(Records for the exercise)
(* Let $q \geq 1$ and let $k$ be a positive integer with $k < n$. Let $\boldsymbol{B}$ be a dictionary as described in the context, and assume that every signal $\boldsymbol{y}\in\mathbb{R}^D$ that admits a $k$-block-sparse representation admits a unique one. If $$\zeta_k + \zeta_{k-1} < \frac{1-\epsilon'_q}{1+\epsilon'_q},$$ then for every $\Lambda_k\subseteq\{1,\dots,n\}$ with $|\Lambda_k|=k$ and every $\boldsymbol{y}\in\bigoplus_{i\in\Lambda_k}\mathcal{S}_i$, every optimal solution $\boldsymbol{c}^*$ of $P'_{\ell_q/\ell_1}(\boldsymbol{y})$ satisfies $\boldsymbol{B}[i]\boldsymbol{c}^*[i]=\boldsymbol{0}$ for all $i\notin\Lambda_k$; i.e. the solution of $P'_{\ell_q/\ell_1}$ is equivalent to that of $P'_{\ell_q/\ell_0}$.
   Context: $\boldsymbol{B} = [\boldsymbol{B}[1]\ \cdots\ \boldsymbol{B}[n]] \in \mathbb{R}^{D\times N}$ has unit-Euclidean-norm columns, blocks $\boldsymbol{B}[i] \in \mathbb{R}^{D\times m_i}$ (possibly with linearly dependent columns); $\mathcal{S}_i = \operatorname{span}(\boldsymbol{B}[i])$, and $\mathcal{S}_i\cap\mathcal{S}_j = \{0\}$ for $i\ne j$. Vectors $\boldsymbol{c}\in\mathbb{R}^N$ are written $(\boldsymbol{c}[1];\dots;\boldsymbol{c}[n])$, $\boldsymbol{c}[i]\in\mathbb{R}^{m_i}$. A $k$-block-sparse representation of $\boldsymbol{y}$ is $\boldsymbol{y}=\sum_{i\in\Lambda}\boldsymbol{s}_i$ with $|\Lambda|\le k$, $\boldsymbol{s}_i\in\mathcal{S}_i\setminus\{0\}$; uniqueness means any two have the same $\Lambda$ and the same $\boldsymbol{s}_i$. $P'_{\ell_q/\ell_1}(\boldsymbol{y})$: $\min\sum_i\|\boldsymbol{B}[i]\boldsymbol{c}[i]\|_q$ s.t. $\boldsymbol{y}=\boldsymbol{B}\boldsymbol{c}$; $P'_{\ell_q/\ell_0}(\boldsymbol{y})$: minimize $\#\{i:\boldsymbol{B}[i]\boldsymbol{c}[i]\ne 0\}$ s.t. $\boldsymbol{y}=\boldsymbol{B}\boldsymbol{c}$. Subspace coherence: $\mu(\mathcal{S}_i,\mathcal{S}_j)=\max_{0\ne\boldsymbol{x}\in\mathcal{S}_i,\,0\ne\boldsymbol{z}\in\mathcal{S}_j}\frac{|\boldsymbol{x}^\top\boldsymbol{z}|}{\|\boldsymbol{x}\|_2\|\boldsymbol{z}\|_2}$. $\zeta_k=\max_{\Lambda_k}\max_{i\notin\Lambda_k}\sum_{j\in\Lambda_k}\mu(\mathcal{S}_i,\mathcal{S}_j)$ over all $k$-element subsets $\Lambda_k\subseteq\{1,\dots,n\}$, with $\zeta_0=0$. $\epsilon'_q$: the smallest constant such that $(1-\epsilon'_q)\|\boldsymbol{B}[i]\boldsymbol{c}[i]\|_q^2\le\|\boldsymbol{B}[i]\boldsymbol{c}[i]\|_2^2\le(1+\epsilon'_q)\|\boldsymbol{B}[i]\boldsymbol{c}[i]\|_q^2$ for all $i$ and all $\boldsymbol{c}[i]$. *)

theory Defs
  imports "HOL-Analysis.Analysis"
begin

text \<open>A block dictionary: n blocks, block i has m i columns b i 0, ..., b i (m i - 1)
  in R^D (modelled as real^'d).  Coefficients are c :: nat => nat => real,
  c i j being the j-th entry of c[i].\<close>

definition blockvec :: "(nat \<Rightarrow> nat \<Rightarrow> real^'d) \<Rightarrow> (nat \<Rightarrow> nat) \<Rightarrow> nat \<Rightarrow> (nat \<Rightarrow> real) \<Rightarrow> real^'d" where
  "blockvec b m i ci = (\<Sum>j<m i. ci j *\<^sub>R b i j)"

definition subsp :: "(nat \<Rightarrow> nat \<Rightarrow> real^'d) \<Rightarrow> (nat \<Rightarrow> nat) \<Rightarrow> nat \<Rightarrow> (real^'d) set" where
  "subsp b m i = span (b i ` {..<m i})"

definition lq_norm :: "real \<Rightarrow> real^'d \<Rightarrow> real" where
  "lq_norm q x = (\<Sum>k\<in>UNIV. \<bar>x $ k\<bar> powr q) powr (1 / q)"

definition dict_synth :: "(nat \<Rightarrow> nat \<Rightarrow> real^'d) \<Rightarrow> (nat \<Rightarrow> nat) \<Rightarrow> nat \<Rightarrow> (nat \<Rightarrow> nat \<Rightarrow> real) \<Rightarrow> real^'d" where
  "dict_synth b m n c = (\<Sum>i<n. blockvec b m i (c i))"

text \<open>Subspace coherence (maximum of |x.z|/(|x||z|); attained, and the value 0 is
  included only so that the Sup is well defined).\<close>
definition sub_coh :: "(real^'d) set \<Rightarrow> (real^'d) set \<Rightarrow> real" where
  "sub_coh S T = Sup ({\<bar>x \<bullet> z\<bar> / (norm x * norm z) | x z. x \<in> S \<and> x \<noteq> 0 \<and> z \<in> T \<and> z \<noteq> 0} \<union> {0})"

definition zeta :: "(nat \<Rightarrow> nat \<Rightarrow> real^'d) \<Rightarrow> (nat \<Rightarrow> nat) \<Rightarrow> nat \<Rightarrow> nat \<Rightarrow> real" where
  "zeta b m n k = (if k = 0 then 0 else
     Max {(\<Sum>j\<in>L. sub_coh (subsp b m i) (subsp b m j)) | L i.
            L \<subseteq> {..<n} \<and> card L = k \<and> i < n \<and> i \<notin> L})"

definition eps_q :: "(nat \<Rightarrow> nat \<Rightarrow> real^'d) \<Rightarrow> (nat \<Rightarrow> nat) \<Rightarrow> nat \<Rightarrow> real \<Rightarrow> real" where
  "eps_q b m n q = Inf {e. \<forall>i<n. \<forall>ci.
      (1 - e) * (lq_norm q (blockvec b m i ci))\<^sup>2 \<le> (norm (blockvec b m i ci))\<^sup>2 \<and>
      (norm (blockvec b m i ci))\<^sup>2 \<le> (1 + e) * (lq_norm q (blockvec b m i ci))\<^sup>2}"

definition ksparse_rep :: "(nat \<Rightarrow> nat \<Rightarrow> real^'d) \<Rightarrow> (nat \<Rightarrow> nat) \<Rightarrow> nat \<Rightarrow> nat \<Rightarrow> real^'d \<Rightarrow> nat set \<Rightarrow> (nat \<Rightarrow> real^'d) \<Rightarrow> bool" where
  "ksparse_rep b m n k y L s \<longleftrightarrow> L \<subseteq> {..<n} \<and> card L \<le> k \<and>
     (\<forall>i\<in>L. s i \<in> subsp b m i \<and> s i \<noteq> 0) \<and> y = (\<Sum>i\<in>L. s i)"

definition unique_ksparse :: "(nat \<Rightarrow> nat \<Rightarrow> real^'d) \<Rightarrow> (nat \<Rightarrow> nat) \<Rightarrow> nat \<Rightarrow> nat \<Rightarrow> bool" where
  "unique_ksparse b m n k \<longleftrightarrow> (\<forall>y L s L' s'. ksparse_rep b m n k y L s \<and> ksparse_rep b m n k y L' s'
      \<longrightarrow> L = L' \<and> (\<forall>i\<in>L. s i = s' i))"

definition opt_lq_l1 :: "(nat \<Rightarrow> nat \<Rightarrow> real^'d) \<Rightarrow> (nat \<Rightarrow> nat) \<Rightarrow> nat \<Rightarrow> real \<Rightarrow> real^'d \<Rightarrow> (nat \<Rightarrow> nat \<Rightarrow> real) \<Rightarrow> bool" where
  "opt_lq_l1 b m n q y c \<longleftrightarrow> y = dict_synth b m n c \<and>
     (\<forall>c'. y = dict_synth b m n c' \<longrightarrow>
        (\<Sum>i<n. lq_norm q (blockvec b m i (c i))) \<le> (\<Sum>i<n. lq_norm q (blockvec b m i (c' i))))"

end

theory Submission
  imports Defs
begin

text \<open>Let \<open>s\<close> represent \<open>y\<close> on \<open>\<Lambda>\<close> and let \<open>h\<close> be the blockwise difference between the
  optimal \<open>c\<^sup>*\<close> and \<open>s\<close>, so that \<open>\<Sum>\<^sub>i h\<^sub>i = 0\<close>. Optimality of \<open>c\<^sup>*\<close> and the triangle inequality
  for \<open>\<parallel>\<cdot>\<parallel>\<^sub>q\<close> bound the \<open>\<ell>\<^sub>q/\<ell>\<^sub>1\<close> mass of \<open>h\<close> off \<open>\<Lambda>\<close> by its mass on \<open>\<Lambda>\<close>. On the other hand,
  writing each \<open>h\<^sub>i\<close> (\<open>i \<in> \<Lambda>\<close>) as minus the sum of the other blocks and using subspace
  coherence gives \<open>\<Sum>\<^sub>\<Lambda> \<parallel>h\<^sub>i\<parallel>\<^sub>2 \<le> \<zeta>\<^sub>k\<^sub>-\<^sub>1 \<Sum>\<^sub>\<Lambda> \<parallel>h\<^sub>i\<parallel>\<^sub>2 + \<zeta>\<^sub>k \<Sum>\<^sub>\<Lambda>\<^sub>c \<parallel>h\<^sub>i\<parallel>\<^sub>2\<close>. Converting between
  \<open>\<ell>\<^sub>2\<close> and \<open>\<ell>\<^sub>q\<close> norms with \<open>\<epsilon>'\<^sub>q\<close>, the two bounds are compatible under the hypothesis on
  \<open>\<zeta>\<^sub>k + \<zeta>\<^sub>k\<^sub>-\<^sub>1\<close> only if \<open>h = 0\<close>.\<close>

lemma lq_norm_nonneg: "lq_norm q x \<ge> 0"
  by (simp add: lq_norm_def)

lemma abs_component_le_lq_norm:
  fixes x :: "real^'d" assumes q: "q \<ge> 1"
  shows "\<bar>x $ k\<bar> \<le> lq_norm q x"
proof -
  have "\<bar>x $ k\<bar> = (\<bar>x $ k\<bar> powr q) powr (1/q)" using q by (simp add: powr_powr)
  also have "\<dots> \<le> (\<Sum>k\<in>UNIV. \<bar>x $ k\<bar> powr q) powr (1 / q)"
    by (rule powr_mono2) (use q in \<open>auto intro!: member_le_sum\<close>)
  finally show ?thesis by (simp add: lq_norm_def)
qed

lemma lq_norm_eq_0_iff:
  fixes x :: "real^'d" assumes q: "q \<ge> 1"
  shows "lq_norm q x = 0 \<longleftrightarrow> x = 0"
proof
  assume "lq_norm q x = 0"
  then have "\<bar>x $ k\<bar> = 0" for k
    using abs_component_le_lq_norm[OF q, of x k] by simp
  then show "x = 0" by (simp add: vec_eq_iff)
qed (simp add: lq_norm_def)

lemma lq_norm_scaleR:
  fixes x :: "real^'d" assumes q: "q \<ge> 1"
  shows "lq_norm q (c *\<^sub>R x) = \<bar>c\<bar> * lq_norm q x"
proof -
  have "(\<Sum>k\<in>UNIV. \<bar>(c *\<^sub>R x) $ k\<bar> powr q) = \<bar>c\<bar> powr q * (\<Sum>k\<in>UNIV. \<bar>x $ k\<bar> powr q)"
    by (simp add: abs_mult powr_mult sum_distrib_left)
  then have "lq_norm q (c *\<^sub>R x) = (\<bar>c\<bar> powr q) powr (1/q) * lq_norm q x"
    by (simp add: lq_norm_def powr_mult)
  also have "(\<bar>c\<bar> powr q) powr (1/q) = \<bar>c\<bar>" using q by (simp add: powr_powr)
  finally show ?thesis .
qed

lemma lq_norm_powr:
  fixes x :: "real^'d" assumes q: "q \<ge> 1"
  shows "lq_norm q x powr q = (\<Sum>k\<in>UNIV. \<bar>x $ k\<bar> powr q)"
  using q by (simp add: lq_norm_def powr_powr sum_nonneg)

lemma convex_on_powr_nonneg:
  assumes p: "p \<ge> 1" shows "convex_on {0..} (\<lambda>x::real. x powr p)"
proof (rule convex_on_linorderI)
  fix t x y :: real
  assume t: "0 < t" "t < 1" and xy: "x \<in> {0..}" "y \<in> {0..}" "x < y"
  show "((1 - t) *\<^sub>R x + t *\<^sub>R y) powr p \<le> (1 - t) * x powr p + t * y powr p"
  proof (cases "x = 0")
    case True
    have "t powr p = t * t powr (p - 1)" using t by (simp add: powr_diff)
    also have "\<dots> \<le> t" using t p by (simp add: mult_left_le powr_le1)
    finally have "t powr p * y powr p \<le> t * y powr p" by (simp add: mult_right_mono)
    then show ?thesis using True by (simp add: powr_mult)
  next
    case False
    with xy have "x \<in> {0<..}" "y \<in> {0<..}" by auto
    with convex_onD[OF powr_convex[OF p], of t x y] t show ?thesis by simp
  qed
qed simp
(End Records for the exercise)
(Work instruction) Work out how many lines in the records contain the word "using", and give that number by itself.

(Response box) 8